(* Let $n\geq 3$ and let $\mathfrak{h}_{2n+1}=\mathfrak{g}_{-2}\oplus\mathfrak{g}_{-1}$ be the Heisenberg Lie algebra, where $\mathfrak{g}_{-2}$ is the one-dimensional centre and $[X,Y]=J(X\wedge Y)$ for $X,Y\in\mathfrak{g}_{-1}$ with $J:\Lambda^2\mathfrak{g}_{-1}\to\mathfrak{g}_{-2}$ a non-degenerate symplectic form. Let $\mathbb{V}$ be a representation of $\mathfrak{h}_{2n+1}$, and write $\eth_a$ for the action of $\mathfrak{g}_{-1}$ (so $Xv=X^a\eth_av$). Then for $r=0,1,2$ the Lie algebra cohomology $H^r(\mathfrak{h}_{2n+1},\mathbb{V})$ is isomorphic to the cohomology at the $r$-th term ($r=0$ being $\mathbb{V}$) of the complex $$0\to\mathbb{V}\xrightarrow{\partial}\mathrm{Hom}(\mathfrak{g}_{-1},\mathbb{V})\xrightarrow{\partial_\perp}\mathrm{Hom}(\Lambda^2_\perp\mathfrak{g}_{-1},\mathbb{V})\xrightarrow{\partial_\perp}\mathrm{Hom}(\Lambda^3_\perp\mathfrak{g}_{-1},\mathbb{V}),$$ where $\partial v=\eth_av$, $\partial_\perp v_a$ is the $J$-trace-free part of $\eth_{[a}v_{b]}$, and $\partial_\perp v_{ab}$ is the $J$-trace-free part of $\eth_{[a}v_{bc]}$.
   Context: $\Lambda^k_\perp\mathfrak{g}_{-1}$ denotes the $k$-forms on $\mathfrak{g}_{-1}$ (i.e.\ elements of $\Lambda^k\mathfrak{g}_{-1}^*$, identified with $\mathrm{Hom}(\Lambda^k\mathfrak{g}_{-1},\cdot)$ via $\mathrm{Hom}(\Lambda^k_\perp\mathfrak{g}_{-1},\mathbb{V})=\Lambda^k_\perp\mathfrak{g}_{-1}^*\otimes\mathbb{V}$) that are trace-free with respect to the symplectic form, i.e.\ all contractions with the inverse symplectic form vanish; the trace-free part is the projection along the complement consisting of forms $J\wedge(\cdot)$. Lie algebra cohomology is computed by the usual Koszul (Chevalley--Eilenberg) complex $\Lambda^\bullet\mathfrak{h}_{2n+1}^*\otimes\mathbb{V}$. *)

theory Defs
  imports Complex_Main
begin

text \<open>The Heisenberg algebra h_{2n+1} = g_{-2} + g_{-1} is taken with basis
  e_0,...,e_{2n-1} of g_{-1} and e_{2n} spanning the centre g_{-2}; the brackets are
  [e_a,e_b] = J a b e_{2n} for a,b < 2n, all others zero.  A representation on a real
  vector space 'v is given by the operators D a (the action of e_a, i.e. eth_a) and T
  (the action of e_{2n}).  V-valued k-forms (elements of Hom(Lambda^k,V)) are stored as
  functions on index lists, alternating, and zero off lists of length k with entries in range.\<close>

definition del :: "nat \<Rightarrow> 'b list \<Rightarrow> 'b list" where
  "del i xs = take i xs @ drop (Suc i) xs"

definition alt_form :: "nat \<Rightarrow> nat \<Rightarrow> (nat list \<Rightarrow> 'v::real_vector) \<Rightarrow> bool" where
  "alt_form N k \<omega> \<longleftrightarrow>
     (\<forall>xs. (length xs \<noteq> k \<or> \<not> set xs \<subseteq> {..<N}) \<longrightarrow> \<omega> xs = 0) \<and>
     (\<forall>xs. \<not> distinct xs \<longrightarrow> \<omega> xs = 0) \<and>
     (\<forall>xs i j. i < length xs \<longrightarrow> j < length xs \<longrightarrow> i \<noteq> j \<longrightarrow>
         \<omega> (xs[i := xs ! j, j := xs ! i]) = - \<omega> xs)"

definition rho :: "nat \<Rightarrow> (nat \<Rightarrow> 'v \<Rightarrow> 'v) \<Rightarrow> ('v \<Rightarrow> 'v) \<Rightarrow> nat \<Rightarrow> 'v \<Rightarrow> 'v" where
  "rho n D T a = (if a < 2 * n then D a else T)"

definition Jh :: "nat \<Rightarrow> (nat \<Rightarrow> nat \<Rightarrow> real) \<Rightarrow> nat \<Rightarrow> nat \<Rightarrow> real" where
  "Jh n J a b = (if a < 2 * n \<and> b < 2 * n then J a b else 0)"

definition ce_d :: "nat \<Rightarrow> (nat \<Rightarrow> nat \<Rightarrow> real) \<Rightarrow> (nat \<Rightarrow> 'v \<Rightarrow> 'v) \<Rightarrow> ('v \<Rightarrow> 'v)
    \<Rightarrow> (nat list \<Rightarrow> 'v::real_vector) \<Rightarrow> nat list \<Rightarrow> 'v" where
  "ce_d n J D T \<omega> xs =
     (if set xs \<subseteq> {..2 * n} then
        (\<Sum>i<length xs. ((-1::real) ^ i) *\<^sub>R rho n D T (xs ! i) (\<omega> (del i xs)))
      + (\<Sum>i<length xs. \<Sum>j<length xs. if i < j then
            ((-1::real) ^ (i + j) * Jh n J (xs ! i) (xs ! j)) *\<^sub>R \<omega> (2 * n # del i (del j xs))
          else 0)
      else 0)"

definition ce_sp :: "nat \<Rightarrow> nat \<Rightarrow> (nat list \<Rightarrow> 'v::real_vector) set" where
  "ce_sp n r = {\<omega>. alt_form (Suc (2 * n)) r \<omega>}"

※ ※ ※

Could you copy out every line in the listing where the word "forall" appears?

     (\<forall>xs. (length xs \<noteq> k \<or> \<not> set xs \<subseteq> {..<N}) \<longrightarrow> \<omega> xs = 0) \<and>
     (\<forall>xs. \<not> distinct xs \<longrightarrow> \<omega> xs = 0) \<and>
     (\<forall>xs i j. i < length xs \<longrightarrow> j < length xs \<longrightarrow> i \<noteq> j \<longrightarrow>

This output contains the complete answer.